Google's had this for years thanks to Marc Levoy

https://www.youtube.com/watch?v=S7lbnMd56Ys

[–]Armanlex 4 points5 points  (0 children)

Isn't this more like long exposure but in software? Not the same way op's video does it but still pretty impressive!

[–]IMPORTANT_FROG 0 points1 point  (3 children)

Then why don't they implement this in google photos?

[–]ChalkyTannins 5 points6 points  (0 children)

It is, to an extent with HDR+

To see farter into the dark like these demos, Google probably has deemed the (consistency of) quality of images, processing time, and human interface usability not up to an acceptable level to ship on their flagship devices.

It'll get there eventually.

[–]PublicMoralityPolice 0 points1 point  (0 children)

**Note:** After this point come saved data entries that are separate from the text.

text \<open>For a window of length L, let I consist of
  the small moduli and of one witness for each zero of the window; the position is
  t = c + P*s, where c solves the congruences t \<equiv> \<omega>_i + a (i \<in> I) modulo P = \<Prod>i\<in>I. b i
  and s is supplied by the counting lemma.\<close>

lemma phi_in_X_eta:
  assumes b_ge: "\<And>i. b i \<ge> 2"
    and b_coprime: "\<And>i j. i \<noteq> j \<Longrightarrow> coprime (b i) (b j)"
    and b_summable: "summable (\<lambda>i. 1 / real (b i))"
  shows "phi b \<omega> \<in> X_eta b"
  unfolding X_eta_def
proof (intro CollectI allI)
  fix a :: int and L :: nat
  have inj: "inj b" by (rule inj_moduli[OF b_ge b_coprime])
  have bpos: "b i > 0" for i using b_ge[of i] by simp
  define Z where "Z = {j. j < L \<and> \<not> phi b \<omega> (a + int j)}"
  have "\<forall>j\<in>Z. \<exists>i. int (b i) dvd \<omega> i + (a + int j)"
    unfolding Z_def phi_def by (auto simp: dvd_eq_mod_eq_0)
  then obtain wit where wit: "\<And>j. j \<in> Z \<Longrightarrow> int (b (wit j)) dvd \<omega> (wit j) + (a + int j)"
    by metis
  obtain N1 where N1: "\<And>F. finite F \<Longrightarrow> (\<forall>i\<in>F. b i > N1) \<Longrightarrow>
      (\<Sum>i\<in>F. 1 / real (b i)) < 1 / (4 * (real L + 1))"
    using summable_tail_small[OF inj b_summable, of "1 / (4 * (real L + 1))"] by auto
  define I where "I = {i. b i \<le> N1} \<union> wit ` Z"
  have finI: "finite I" unfolding I_def Z_def using finite_moduli_le[OF inj] by auto
  define P where "P = (\<Prod>i\<in>I. b i)"
  have P: "P > 0" unfolding P_def using bpos by (simp add: prod_pos)
  obtain N2 where N2: "\<And>F. finite F \<Longrightarrow> (\<forall>i\<in>F. b i > N2) \<Longrightarrow>
      (\<Sum>i\<in>F. 1 / real (b i)) < 1 / (8 * (real L + 1) * real P)"
    using summable_tail_small[OF inj b_summable, of "1 / (8 * (real L + 1) * real P)"] P by auto
  define M where "M = max N2 (L + 1)"
  obtain x where x: "\<forall>i\<in>I. [int x = \<omega> i + a] (mod int (b i))"
    using chinese_remainder_int_targets[OF finI, of b "\<lambda>i. \<omega> i + a"] bpos b_coprime by blast
  define c where "c = x mod P"
  have "\<exists>s\<in>{1..M}. \<forall>j<L. \<forall>i. i \<notin> I \<longrightarrow> \<not> b i dvd c + P * s + j"
  proof (rule multiplier_avoiding_other_moduli)
    show "coprime P (b i)" if "i \<notin> I" for i
      unfolding P_def using that finI by (intro prod_coprime_left b_coprime) auto
    show "(\<Sum>i\<in>F. 1 / real (b i)) < 1 / (8 * (real L + 1) * real P)"
      if "finite F" "\<forall>i\<in>F. M < b i" for F using that by (intro N2) (auto simp: M_def)
    show "(\<Sum>i\<in>F. 1 / real (b i)) < 1 / (4 * (real L + 1))"
      if "finite F" "F \<inter> I = {}" for F using that by (intro N1) (auto simp: I_def)
  qed (use finite_moduli_le[OF inj] bpos P in \<open>auto simp: c_def M_def\<close>)
  then obtain s where avoid: "\<And>j i. j < L \<Longrightarrow> i \<notin> I \<Longrightarrow> \<not> b i dvd c + P * s + j" by blast
  show "\<exists>t::int. \<forall>j<L. phi b \<omega> (a + int j) = eta b (t + int j)"
  proof (intro exI allI impI window_of_phi_in_eta)
    fix i j assume j: "j < L"
    show "[int (c + P * s) = \<omega> i + a] (mod int (b i))" if "i \<in> I"
    proof -
      have "b i dvd P" unfolding P_def using finI that by (rule dvd_prodI)
      then have "[c + P * s = x] (mod b i)"
        unfolding c_def cong_def
        by (metis mod_mod_cancel mod_mult_self2 mod_add_left_eq dvd_mult_div_cancel mult.assoc)
      then have "[int (c + P * s) = int x] (mod int (b i))" by (simp only: cong_int_iff)
      also have "[int x = \<omega> i + a] (mod int (b i))" using x that by blast
      finally show ?thesis .
    qed
    show "\<not> int (b i) dvd int (c + P * s) + int j" if "i \<notin> I"
      using avoid[OF j that] by (metis int_dvd_int_iff of_nat_add)
    show "\<exists>i\<in>I. int (b i) dvd \<omega> i + (a + int j)" if "\<not> phi b \<omega> (a + int j)"
      using that j wit[of j] unfolding Z_def I_def by blast
  qed
qed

Because this specific algorithm requires RAW images (ie, direct bayer sensor readings), which most phone and handheld cameras don't provide.

[–]alecs_stan -1 points0 points  (0 children)

Where do you place the wizard?

[–]deepmaus -1 points0 points  (0 children)

Last time I got impressed by one of these was with waifu2x

[–]cfryant -1 points0 points  (0 children)

"Curse them! They make the night brighter than the day!"

[–]whozurdaddy -1 points0 points  (0 children)

let me know when the IPO is filed. insta-millionares. absolutely incredible.